When does outsourcing, competitive advantages work and not work?
One thing that I don't like about outsourcing manufacturing, services,
etc. is the asymmetries involved here:
1. The C-level executives with the Board of Directors (~20 people)
decides the fate of hundreds, if not thousands. The consumers don't
get a big price break, and also, the employees have no say-so in this.
2. Another asymmetry is that the jobs can be shipped overseas, but
the employees can't. No Americans want to migrate to another nation.
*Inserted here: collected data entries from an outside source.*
(* Let $(M,d)$ be a metric space, $\mathsf{P}\subseteq M$ a set of $n$ points, and $1\le\ell\le k\le n$ integers with $\ell\mid k$; put $m=k/\ell$. Let $Q=\{q_1,\dots,q_m\}$ be the output of Gonzalez's algorithm on $\mathsf{P}$ with $m$ centers, and let $C\subseteq\mathsf{P}$ with $|C|=k$ and $C\supseteq\bigcup_{i=1}^m N_{\mathsf{P}}(q_i,\ell)$. Then $\max_{p\in\mathsf{P}} d_C(p,\ell)\le 3\,r_{\mathrm{opt}}$, where $r_{\mathrm{opt}}=\min_{C'\subseteq\mathsf{P},|C'|=k}\max_{p\in\mathsf{P}} d_{C'}(p,\ell)$.
   Context: Gonzalez's algorithm with $m$ centers: $q_1\in\mathsf{P}$ is arbitrary, and for $i=2,\dots,m$, $q_i$ is a point of $\mathsf{P}$ maximizing $d(p,\{q_1,\dots,q_{i-1}\})$ over $p\in\mathsf{P}$. For a finite $S\subseteq M$ and $1\le i\le|S|$, $d_S(p,i)$ is the radius of the smallest closed ball centered at $p$ containing at least $i$ points of $S$; nearest neighbors are ordered lexicographically by $(d(p,s),\text{index of }s)$ and $N_S(p,i)$ is the set of the first $i$ points of $S$ in this order, $|N_S(p,i)|=i$. *)

theory Defs
  imports "HOL-Analysis.Analysis"
begin

definition dist_set :: "('a \<Rightarrow> 'a \<Rightarrow> real) \<Rightarrow> 'a \<Rightarrow> 'a set \<Rightarrow> real" where
  "dist_set d p A = Min ((d p) ` A)"

definition kdist :: "('a \<Rightarrow> 'a \<Rightarrow> real) \<Rightarrow> 'a set \<Rightarrow> 'a \<Rightarrow> nat \<Rightarrow> real" where
  "kdist d S p i = Inf {r::real. 0 \<le> r \<and> i \<le> card {s \<in> S. d p s \<le> r}}"

definition nn_less :: "('a \<Rightarrow> 'a \<Rightarrow> real) \<Rightarrow> ('a \<Rightarrow> nat) \<Rightarrow> 'a \<Rightarrow> 'a \<Rightarrow> 'a \<Rightarrow> bool" where
  "nn_less d idx p t s \<longleftrightarrow> d p t < d p s \<or> (d p t = d p s \<and> idx t < idx s)"

text \<open>N_S(p,i): the first i points of S in this order.\<close>
definition knn :: "('a \<Rightarrow> 'a \<Rightarrow> real) \<Rightarrow> ('a \<Rightarrow> nat) \<Rightarrow> 'a set \<Rightarrow> 'a \<Rightarrow> nat \<Rightarrow> 'a set" where
  "knn d idx S p i = {s \<in> S. card {t \<in> S. nn_less d idx p t s} < i}"

text \<open>q_1,...,q_m is a possible output of Gonzalez's algorithm on P with m centers.\<close>
definition gonzalez :: "('a \<Rightarrow> 'a \<Rightarrow> real) \<Rightarrow> 'a set \<Rightarrow> nat \<Rightarrow> (nat \<Rightarrow> 'a) \<Rightarrow> bool" where
  "gonzalez d P m q \<longleftrightarrow> q 1 \<in> P \<and>
     (\<forall>i \<in> {2..m}. q i \<in> P \<and>
        (\<forall>p \<in> P. dist_set d p (q ` {1..<i}) \<le> dist_set d (q i) (q ` {1..<i})))"

definition r_opt :: "('a \<Rightarrow> 'a \<Rightarrow> real) \<Rightarrow> 'a set \<Rightarrow> nat \<Rightarrow> nat \<Rightarrow> real" where
  "r_opt d P k l = Min {Max ((\<lambda>p. kdist d C' p l) ` P) | C'. C' \<subseteq> P \<and> card C' = k}"

end

theory Submission
  imports Defs
begin

text \<open>Let \<open>D\<close> be an optimal set, \<open>r = r_opt\<close>, so every point of \<open>P\<close> has \<open>\<ell>\<close> points of \<open>D\<close>
  within distance \<open>r\<close>. If some \<open>p \<in> P\<close> were farther than \<open>2r\<close> from all Gonzalez centres, then by
  the farthest-point rule \<open>p, q\<^sub>1, \<dots>, q\<^sub>m\<close> would be pairwise more than \<open>2r\<close> apart, so their
  \<open>r\<close>-balls would contain \<open>(m + 1) \<ell> > k = |D|\<close> distinct points of \<open>D\<close>. Hence some \<open>q\<^sub>i\<close> lies
  within \<open>2r\<close> of \<open>p\<close>; the \<open>\<ell>\<close> nearest neighbours of \<open>q\<^sub>i\<close> lie in \<open>C\<close> and within
  \<open>d\<^sub>P(q\<^sub>i, \<ell>) \<le> d\<^sub>D(q\<^sub>i, \<ell>) \<le> r\<close> of \<open>q\<^sub>i\<close>, so \<open>d\<^sub>C(p, \<ell>) \<le> 2r + r\<close>.\<close>

lemma kdist_attained:
  assumes "finite S" and "i \<le> card S"
  shows "kdist d S p i \<in> {r. 0 \<le> r \<and> i \<le> card {s \<in> S. d p s \<le> r}}"
proof -
  define A where "A = {r::real. 0 \<le> r \<and> i \<le> card {s \<in> S. d p s \<le> r}}"
  define W where "W = insert 0 (d p ` S)"
  have "finite W" using assms(1) W_def by auto
  \<comment> \<open>a feasible radius can be lowered to a candidate in the finite set \<open>W\<close>, so the infimum is a minimum\<close>
  have shrink: "Max {w \<in> W. w \<le> r} \<in> A \<inter> W \<and> Max {w \<in> W. w \<le> r} \<le> r" if "r \<in> A" for r
  proof -
    let ?r' = "Max {w \<in> W. w \<le> r}"
    have fin: "finite {w \<in> W. w \<le> r}" using \<open>finite W\<close> by auto
    have "0 \<in> {w \<in> W. w \<le> r}" using that unfolding A_def W_def by auto
    then have mem: "?r' \<in> {w \<in> W. w \<le> r}" and "0 \<le> ?r'"
      using Max_in[OF fin] Max_ge[OF fin] by auto
    have "{s \<in> S. d p s \<le> ?r'} = {s \<in> S. d p s \<le> r}"
    proof (intro Collect_cong conj_cong refl iffI)
      fix s assume "s \<in> S" "d p s \<le> r"
      then show "d p s \<le> ?r'" using Max_ge[OF fin] unfolding W_def by auto
    qed (use mem in auto)
    then show ?thesis using that mem \<open>0 \<le> ?r'\<close> unfolding A_def by simp
  qed
  have "{s \<in> S. d p s \<le> Max W} = S" using \<open>finite W\<close> unfolding W_def by auto
  then have "Max W \<in> A" using assms \<open>finite W\<close> unfolding A_def W_def by auto
  then have ne: "A \<inter> W \<noteq> {}" using shrink by blast
  have fin: "finite (A \<inter> W)" using \<open>finite W\<close> by auto
  have "Inf A = Min (A \<inter> W)"
  proof (rule cInf_eq_minimum)
    show "Min (A \<inter> W) \<in> A" using Min_in[OF fin ne] by auto
    show "Min (A \<inter> W) \<le> x" if "x \<in> A" for x
      using shrink[OF that] Min_le[OF fin] by fastforce
  qed
  then show ?thesis using Min_in[OF fin ne] unfolding kdist_def A_def by auto
qed

lemma kdist_le:
  assumes "0 \<le> r" and "i \<le> card {s \<in> S. d p s \<le> r}"
  shows "kdist d S p i \<le> r"
  unfolding kdist_def
  by (rule cInf_lower) (use assms in \<open>auto intro: bdd_belowI[of _ 0]\<close>)

lemma kdist_le_iff:
  assumes "finite S" and "i \<le> card S"
  shows "kdist d S p i \<le> r \<longleftrightarrow> 0 \<le> r \<and> i \<le> card {s \<in> S. d p s \<le> r}"
proof
  assume le: "kdist d S p i \<le> r"
  have "0 \<le> kdist d S p i" and card: "i \<le> card {s \<in> S. d p s \<le> kdist d S p i}"
    using kdist_attained[OF assms, of d p] by simp_all
  have "card {s \<in> S. d p s \<le> kdist d S p i} \<le> card {s \<in> S. d p s \<le> r}"
    using assms(1) le by (intro card_mono) force+
  then show "0 \<le> r \<and> i \<le> card {s \<in> S. d p s \<le> r}"
    using \<open>0 \<le> kdist d S p i\<close> card le by linarith
next
  assume "0 \<le> r \<and> i \<le> card {s \<in> S. d p s \<le> r}"
  then show "kdist d S p i \<le> r" by (intro kdist_le) simp_all
qed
The jobs can be shipped far more easily than the American human
being. However, the converse is not so true: An Indian or Chinese
would gladly come to a developed nation for work, whether it's farming
or something more value-added, like service-oriented work at an IT
Outsourcing/shipping jobs overseas will not work if: The destination
nation has worse worker's rights and environmental safeguards than the
corporation's host nation.
Finally, if the cost of outsourcing and all this talk about
competitive advantages is true, then why haven't the Americans seen a
corresponding drop in prices? The inflation rate is about the same as
it was prior to the age of outsourcing! Another words, even though
the goods/services are produced much more cheaply, the savings are not
passed off to the consumer. Moreover, the former employees also
didn't benefit. Only the Shareholders (i.e. C-level executives and
Board of Directors) benefited.
Please clarify your thoughts/opinions.